:: Dataset records ::

(* Let $n\ge2$. For every $n$-qubit genuinely entangled state $\rho$, $L(\rho)-l(\rho)\le\max\{0,n-2\}$. Moreover, every state $\rho=\sum_{i=0}^n\lambda_i|D_n^i\rangle\langle D_n^i|$ with $\lambda_i\ge0$, $\sum_i\lambda_i=1$, $\lambda_0\lambda_n\neq0$ and $$\sum_{i,j=0}^n(n-i)j\,\lambda_i\lambda_j\big[(n-i-1)(j-1)-i(n-j)\big]<0$$ is genuinely entangled and satisfies $L(\rho)=n$, $l(\rho)=2$, so $L(\rho)-l(\rho)=n-2$.
   Context: Let $[n]=\{1,\dots,n\}$, $\mathcal H_{[n]}=(\mathbb C^2)^{\otimes n}$; for $S\subseteq[n]$, $\rho_S$ is the partial trace over qubits outside $S$. A pure state is biseparable if it is a product $|\alpha\rangle_S\otimes|\beta\rangle_{\bar S}$ for some $\emptyset\ne S\subsetneq[n]$; a mixed state is biseparable if it is a convex combination of biseparable pure states; genuinely entangled = not biseparable. $\mathcal C(\rho,\mathcal S)=\{\sigma\text{ density matrix}:\sigma_S=\rho_S\ \forall S\in\mathcal S\}$; $\mathcal S$ determines $\rho$ if $\mathcal C(\rho,\mathcal S)=\{\rho\}$, detects $\rho$'s GME if every element of $\mathcal C(\rho,\mathcal S)$ is genuinely entangled. $L(\rho)=\min_{\mathcal S\text{ determines }\rho}\max_{S\in\mathcal S}|S|$, $l(\rho)=\min_{\mathcal S\text{ detects }\rho\text{'s GME}}\max_{S\in\mathcal S}|S|$. Dicke states: $|D_n^i\rangle=\binom{n}{i}^{-1/2}\sum_{s\in\{0,1\}^n,\ \sum_js_j=i}|s_1\rangle\otimes\cdots\otimes|s_n\rangle$. *)

theory Defs
  imports Complex_Main
begin

text \<open>A computational basis vector |s_1...s_n> of the qubits
in a set T is encoded by the set a \<subseteq> T of qubits in state |1>. Operators on the
qubits T are functions M :: nat set \<Rightarrow> nat set \<Rightarrow> complex, vanishing outside Pow T \<times> Pow T.\<close>

definition qubits :: "nat \<Rightarrow> nat set" where
  "qubits n = {1..n}"

definition density :: "nat set \<Rightarrow> (nat set \<Rightarrow> nat set \<Rightarrow> complex) \<Rightarrow> bool" where
  "density T M \<longleftrightarrow>
     (\<forall>a b. (a \<notin> Pow T \<or> b \<notin> Pow T) \<longrightarrow> M a b = 0) \<and>
     (\<forall>a b. M b a = cnj (M a b)) \<and>
     (\<forall>v :: nat set \<Rightarrow> complex.
        0 \<le> Re (\<Sum>a\<in>Pow T. \<Sum>b\<in>Pow T. cnj (v a) * M a b * v b)) \<and>
     (\<Sum>a\<in>Pow T. M a a) = 1"

definition ptrace :: "nat \<Rightarrow> nat set \<Rightarrow> (nat set \<Rightarrow> nat set \<Rightarrow> complex) \<Rightarrow> nat set \<Rightarrow> nat set \<Rightarrow> complex" where
  "ptrace n S M a b =
     (if a \<subseteq> S \<and> b \<subseteq> S then (\<Sum>c\<in>Pow (qubits n - S). M (a \<union> c) (b \<union> c)) else 0)"
lemma closed_hilbert_subspace_bij_image:
  fixes f :: "'b::real_normed_vector \<Rightarrow> 'a::{real_inner,complete_space}"
  assumes f: "bij f" "linear f" "bounded_linear (inv f)" and S: "subspace S" "closed S"
  shows "closed_hilbert_subspace (f ` S)"
proof
  show "subspace (f ` S)" using f(2) S(1) by (rule linear_subspace_image)
  have "f ` S = inv f -` S"
    using bij_vimage_eq_inv_image[OF bij_imp_bij_inv[OF f(1)]] by (simp add: inv_inv_eq[OF f(1)])
  then show "closed (f ` S)"
    using continuous_closed_vimage[OF S(2) linear_continuous_at[OF f(3)]] by simp
qed

lemma (in closed_hilbert_subspace) infsup_const_eq_proj_infsup:
  assumes J: "cplx_structure J" "J ` W \<subseteq> W" and B': "W = B' ` Vd" "inj B'" "linear B'"
  shows "infsup_const J B' Ud Vd = proj_infsup W Ud"
  unfolding infsup_const_def proj_infsup_def
proof (rule INF_cong[OF refl])
  fix a assume "a \<in> Ud - {0}"
  have "W - {0} = B' ` (Vd - {0})" using B' by (simp add: image_set_diff linear_0)
  then have "(\<lambda>v. cmod (cinner J a (B' v)) / (norm a * norm (B' v))) ` (Vd - {0})
      = (\<lambda>y. cmod (cinner J a y) / (norm a * norm y)) ` (W - {0})"
    by (simp add: image_image)
  with Sup_cinner_ratio_eq[OF J] \<open>a \<in> Ud - {0}\<close> show
    "Sup (insert 0 ((\<lambda>v. cmod (cinner J a (B' v)) / (norm a * norm (B' v))) ` (Vd - {0})))
      = norm (P a) / norm a"
    by simp
qed
(* For any $\mathrm{LP}^{\mathrm{MLN}}$ program $\Pi$, the map \[ \phi(I)=I\cup\{\mathtt{unsat}(i,w_i,\mathbf c) : w_i:\mathit{Head}_i(\mathbf c)\leftarrow\mathit{Body}_i(\mathbf c)\in Gr(\Pi),\ I\not\models \mathit{Body}_i(\mathbf c)\rightarrow \mathit{Head}_i(\mathbf c)\} \] is a one-to-one correspondence between $\mathrm{SM}[\Pi]$ and the set of stable models of $\mathsf{lpmln2asp^{pnt}}(\Pi)$. Furthermore, for every $I\in\mathrm{SM}[\Pi]$, \[ W^{\rm pnt}_\Pi(I)=\exp\Big(-\sum_{\mathtt{unsat}(i,w_i,\mathbf c)\in\phi(I)} w_i\Big). \] Also, $\phi$ restricts to a one-to-one correspondence between the most probable stable models of $\Pi$ and the optimal stable models of $\mathsf{lpmln2asp^{pnt}}(\Pi)$.
   Context: An $\mathrm{LP}^{\mathrm{MLN}}$ program is a finite set of weighted rules $w_i:\mathit{Head}_i(\mathbf x)\leftarrow \mathit{Body}_i(\mathbf x)$, indexed by $i$, where $\mathbf x$ is the list of global variables, $\mathit{Head}_i$ is a possibly empty disjunction of atoms $l_1;\dots;l_n$, $\mathit{Body}_i$ a conjunction of literals, and $w_i$ a real number or the symbol $\alpha$ (infinite weight). The Herbrand universe is finite; $Gr(\Pi)$ replaces global variables by all tuples $\mathbf c$. For ground $\Pi$ and interpretation $I$: $\overline{\Pi}$ drops weights, $\Pi_I$ is the set of rules satisfied by $I$, $\mathrm{SM}[\Pi]=\{I: I\text{ stable model of }\overline{\Pi_I}\}$; $W^{\rm pnt}_\Pi(I)=\exp(-\sum_{w:R\in\Pi,\ I\not\models R}w)$ if $I\in\mathrm{SM}[\Pi]$ and $0$ otherwise; $W_\Pi(I)=\exp(\sum_{w:R\in\Pi_I}w)$ if $I\in\mathrm{SM}[\Pi]$, else $0$; $P_\Pi(I)=\lim_{\alpha\to\infty}W_\Pi(I)/\sum_{J\in\mathrm{SM}[\Pi]}W_\Pi(J)$; most probable stable models maximize $P_\Pi$. Weak constraints: $:\sim F\ [\mathit{Weight}@\mathit{Level}]$ with $F$ a conjunction of literals, real weight, nonnegative integer level (optionally with a tuple of terms distinguishing instances). For $\Pi_1\cup\Pi_2$ ($\Pi_1$ without weak constraints, $\Pi_2$ ground weak constraints), stable models are those of $\Pi_1$; the penalty of $I$ at level $l$ is $\sum_{:\sim F[w@l]\in\Pi_2,\ I\models F}w$; $I$ is dominated by $I'$ if at some level $l$ the penalty of $I'$ is strictly smaller and they agree at all levels $k>l$; optimal stable models are those not dominated. $\mathsf{lpmln2asp^{pnt}}(\Pi)$ replaces each rule $w_i:\mathit{Head}_i(\mathbf x)\leftarrow\mathit{Body}_i(\mathbf x)$ by $\mathtt{unsat}(i,w_i,\mathbf x)\leftarrow \mathit{Body}_i(\mathbf x),\ \mathtt{not}\ \mathit{Head}_i(\mathbf x)$; $\mathit{Head}_i(\mathbf x)\leftarrow \mathit{Body}_i(\mathbf x),\ \mathtt{not}\ \mathtt{unsat}(i,w_i,\mathbf x)$; $:\sim \mathtt{unsat}(i,w_i,\mathbf x).\ [w'_i@l, i,\mathbf x]$, where $w'_i=1,\ l=1$ if $w_i=\alpha$ and $w'_i=w_i,\ l=0$ otherwise; $\mathtt{not}\ \mathit{Head}_i$ for $\mathit{Head}_i=l_1;\dots;l_n$ stands for $\mathtt{not}\ l_1,\dots,\mathtt{not}\ l_n$; $\mathtt{unsat}$ is a fresh predicate. In the weight formula hard weights are kept as the symbol $\alpha$. *)

theory Defs
  imports Complex_Main
begin

text \<open>A ground rule  l1;...;ln <- a1,...,am, not b1,...,not bk  (head may be empty).\<close>
datatype 'b rule = Rule (head: "'b set") (pos: "'b set") (neg: "'b set")

definition body_sat :: "'b set \<Rightarrow> 'b rule \<Rightarrow> bool" where
  "body_sat I r \<longleftrightarrow> pos r \<subseteq> I \<and> neg r \<inter> I = {}"

definition sat_rule :: "'b set \<Rightarrow> 'b rule \<Rightarrow> bool" where
  "sat_rule I r \<longleftrightarrow> (body_sat I r \<longrightarrow> head r \<inter> I \<noteq> {})"

definition is_model :: "'b set \<Rightarrow> 'b rule set \<Rightarrow> bool" where
  "is_model I P \<longleftrightarrow> (\<forall>r\<in>P. sat_rule I r)"

definition reduct :: "'b rule set \<Rightarrow> 'b set \<Rightarrow> 'b rule set" where
  "reduct P I = {Rule (head r) (pos r) {} | r. r \<in> P \<and> neg r \<inter> I = {}}"

definition stable :: "'b rule set \<Rightarrow> 'b set \<Rightarrow> bool" where
  "stable P I \<longleftrightarrow> is_model I (reduct P I) \<and> (\<forall>J. J \<subset> I \<longrightarrow> \<not> is_model J (reduct P I))"

text \<open>Ground weak constraint  :~ F [Weight@Level, id]  with F a conjunction of literals.\<close>
datatype ('b, 'd) wc = WC (wpos: "'b set") (wneg: "'b set") (wweight: real) (wlevel: nat) (wid: 'd)

definition penalty :: "('b, 'd) wc set \<Rightarrow> 'b set \<Rightarrow> nat \<Rightarrow> real" where
  "penalty W I l = (\<Sum>c\<in>{c\<in>W. wlevel c = l \<and> wpos c \<subseteq> I \<and> wneg c \<inter> I = {}}. wweight c)"

definition dominated :: "('b, 'd) wc set \<Rightarrow> 'b set \<Rightarrow> 'b set \<Rightarrow> bool" where
  "dominated W I I' \<longleftrightarrow> (\<exists>l. penalty W I' l < penalty W I l \<and> (\<forall>k>l. penalty W I' k = penalty W I k))"

definition optimal :: "'b rule set \<Rightarrow> ('b, 'd) wc set \<Rightarrow> 'b set \<Rightarrow> bool" where
  "optimal P W I \<longleftrightarrow> stable P I \<and> \<not> (\<exists>I'. stable P I' \<and> dominated W I I')"

text \<open>Weights: a real number or the symbol alpha (hard).\<close>
datatype weight = Soft real | Hard

fun wval :: "weight \<Rightarrow> real \<Rightarrow> real" where
  "wval (Soft r) a = r"
| "wval Hard a = a"

text \<open>An LP^MLN program: rules indexed by idx; rule i has weight wt i; tup i is the
  (finite) set of tuples of Herbrand constants for its global variables; rl i c is
  the ground rule Head_i(c) <- Body_i(c).  Gr(Pi) is the family indexed by (i,c).\<close>
record ('a, 'i, 'c) lpmln =
  idx :: "'i set"
  tup :: "'i \<Rightarrow> 'c set"
  wt  :: "'i \<Rightarrow> weight"
  rl  :: "'i \<Rightarrow> 'c \<Rightarrow> 'a rule"

definition gr_idx :: "('a, 'i, 'c) lpmln \<Rightarrow> ('i \<times> 'c) set" where
  "gr_idx \<Pi> = Sigma (idx \<Pi>) (tup \<Pi>)"

definition wf_lpmln :: "('a, 'i, 'c) lpmln \<Rightarrow> bool" where
  "wf_lpmln \<Pi> \<longleftrightarrow> finite (idx \<Pi>) \<and> (\<forall>i\<in>idx \<Pi>. finite (tup \<Pi> i)) \<and>
     (\<forall>(i,c)\<in>gr_idx \<Pi>. finite (head (rl \<Pi> i c)) \<and> finite (pos (rl \<Pi> i c)) \<and> finite (neg (rl \<Pi> i c)))"

definition SM :: "('a, 'i, 'c) lpmln \<Rightarrow> 'a set set" where
  "SM \<Pi> = {I. stable {rl \<Pi> i c | i c. (i, c) \<in> gr_idx \<Pi> \<and> sat_rule I (rl \<Pi> i c)} I}"

definition W_pnt :: "('a, 'i, 'c) lpmln \<Rightarrow> real \<Rightarrow> 'a set \<Rightarrow> real" where
  "W_pnt \<Pi> a I = (if I \<in> SM \<Pi> then
     exp (- (\<Sum>(i,c)\<in>{(i,c)\<in>gr_idx \<Pi>. \<not> sat_rule I (rl \<Pi> i c)}. wval (wt \<Pi> i) a)) else 0)"

definition W :: "('a, 'i, 'c) lpmln \<Rightarrow> real \<Rightarrow> 'a set \<Rightarrow> real" where
  "W \<Pi> a I = (if I \<in> SM \<Pi> then
     exp (\<Sum>(i,c)\<in>{(i,c)\<in>gr_idx \<Pi>. sat_rule I (rl \<Pi> i c)}. wval (wt \<Pi> i) a) else 0)"

definition Prob :: "('a, 'i, 'c) lpmln \<Rightarrow> 'a set \<Rightarrow> real" where
  "Prob \<Pi> I = Lim at_top (\<lambda>a. W \<Pi> a I / (\<Sum>J\<in>SM \<Pi>. W \<Pi> a J))"

definition most_probable :: "('a, 'i, 'c) lpmln \<Rightarrow> 'a set set" where
  "most_probable \<Pi> = {I \<in> SM \<Pi>. \<forall>J\<in>SM \<Pi>. Prob \<Pi> J \<le> Prob \<Pi> I}"

datatype ('a, 'i, 'c) tatom = Atom 'a | Unsat 'i weight 'c

definition tr_rules :: "('a, 'i, 'c) lpmln \<Rightarrow> ('a, 'i, 'c) tatom rule set" where
  "tr_rules \<Pi> = (\<Union>(i,c)\<in>gr_idx \<Pi>.
     (let r = rl \<Pi> i c; u = Unsat i (wt \<Pi> i) c in
       { Rule {u} (Atom ` pos r) (Atom ` neg r \<union> Atom ` head r),
         Rule (Atom ` head r) (Atom ` pos r) (Atom ` neg r \<union> {u}) }))"

definition tr_wcs :: "('a, 'i, 'c) lpmln \<Rightarrow> (('a, 'i, 'c) tatom, 'i \<times> 'c) wc set" where
  "tr_wcs \<Pi> = (\<lambda>(i,c). WC {Unsat i (wt \<Pi> i) c} {}
       (case wt \<Pi> i of Hard \<Rightarrow> 1 | Soft r \<Rightarrow> r)
       (case wt \<Pi> i of Hard \<Rightarrow> 1 | Soft r \<Rightarrow> 0) (i, c)) ` gr_idx \<Pi>"

definition phi :: "('a, 'i, 'c) lpmln \<Rightarrow> 'a set \<Rightarrow> ('a, 'i, 'c) tatom set" where
  "phi \<Pi> I = Atom ` I \<union> {Unsat i (wt \<Pi> i) c | i c. (i, c) \<in> gr_idx \<Pi> \<and> \<not> sat_rule I (rl \<Pi> i c)}"

end

theory Submission
  imports Defs "HOL-Library.Product_Lexorder"
begin

text \<open>
  A stable model J of the translation is determined by its original atoms I: the first rule of
  each pair puts unsat(i,w_i,c) into J exactly when I violates the ground rule (i,c), and then the
  second rule is blocked; when I satisfies the rule, the second rule acts like the original one.
  Hence, relative to \<phi>(I), models of the reduct of the translation correspond to models of the
  reduct of the rules satisfied by I, and minimality transfers in both directions.

  Writing h(I) for the number of violated hard rules and s(I) for the total weight of violated
  soft rules, W(I) is a constant multiple of exp(-(\<alpha> h(I) + s(I))). As \<alpha> \<rightarrow> \<infinity> the normalised
  weight tends to zero unless h(I) is minimal, and is proportional to exp(-s(I)) otherwise; so
  the most probable stable models are the lexicographic minimisers of (h, s). The weak constraints
  of the translation charge exactly h at level 1 and s at level 0, so these are also the
  undominated stable models.
\<close>

lemma is_model_reduct_iff:
  "is_model K (reduct P J) \<longleftrightarrow>
     (\<forall>r\<in>P. neg r \<inter> J = {} \<longrightarrow> pos r \<subseteq> K \<longrightarrow> head r \<inter> K \<noteq> {})"
proof -
  have "is_model K (reduct P J) \<longleftrightarrow>
      (\<forall>r\<in>P. neg r \<inter> J = {} \<longrightarrow> sat_rule K (Rule (head r) (pos r) {}))"
    unfolding is_model_def reduct_def by blast
  then show ?thesis by (simp add: sat_rule_def body_sat_def)
qed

:::

__Prompt__
What you return should be the lines from the start of the data through the line with "(\<forall>a b. M", quoted exactly and nothing more.

__Task answer__
(* Let $n\ge2$. For every $n$-qubit genuinely entangled state $\rho$, $L(\rho)-l(\rho)\le\max\{0,n-2\}$. Moreover, every state $\rho=\sum_{i=0}^n\lambda_i|D_n^i\rangle\langle D_n^i|$ with $\lambda_i\ge0$, $\sum_i\lambda_i=1$, $\lambda_0\lambda_n\neq0$ and $$\sum_{i,j=0}^n(n-i)j\,\lambda_i\lambda_j\big[(n-i-1)(j-1)-i(n-j)\big]<0$$ is genuinely entangled and satisfies $L(\rho)=n$, $l(\rho)=2$, so $L(\rho)-l(\rho)=n-2$.
   Context: Let $[n]=\{1,\dots,n\}$, $\mathcal H_{[n]}=(\mathbb C^2)^{\otimes n}$; for $S\subseteq[n]$, $\rho_S$ is the partial trace over qubits outside $S$. A pure state is biseparable if it is a product $|\alpha\rangle_S\otimes|\beta\rangle_{\bar S}$ for some $\emptyset\ne S\subsetneq[n]$; a mixed state is biseparable if it is a convex combination of biseparable pure states; genuinely entangled = not biseparable. $\mathcal C(\rho,\mathcal S)=\{\sigma\text{ density matrix}:\sigma_S=\rho_S\ \forall S\in\mathcal S\}$; $\mathcal S$ determines $\rho$ if $\mathcal C(\rho,\mathcal S)=\{\rho\}$, detects $\rho$'s GME if every element of $\mathcal C(\rho,\mathcal S)$ is genuinely entangled. $L(\rho)=\min_{\mathcal S\text{ determines }\rho}\max_{S\in\mathcal S}|S|$, $l(\rho)=\min_{\mathcal S\text{ detects }\rho\text{'s GME}}\max_{S\in\mathcal S}|S|$. Dicke states: $|D_n^i\rangle=\binom{n}{i}^{-1/2}\sum_{s\in\{0,1\}^n,\ \sum_js_j=i}|s_1\rangle\otimes\cdots\otimes|s_n\rangle$. *)

theory Defs
  imports Complex_Main
begin

text \<open>A computational basis vector |s_1...s_n> of the qubits
in a set T is encoded by the set a \<subseteq> T of qubits in state |1>. Operators on the
qubits T are functions M :: nat set \<Rightarrow> nat set \<Rightarrow> complex, vanishing outside Pow T \<times> Pow T.\<close>

definition qubits :: "nat \<Rightarrow> nat set" where
  "qubits n = {1..n}"

definition density :: "nat set \<Rightarrow> (nat set \<Rightarrow> nat set \<Rightarrow> complex) \<Rightarrow> bool" where
  "density T M \<longleftrightarrow>
     (\<forall>a b. (a \<notin> Pow T \<or> b \<notin> Pow T) \<longrightarrow> M a b = 0) \<and>
     (\<forall>a b. M b a = cnj (M a b)) \<and>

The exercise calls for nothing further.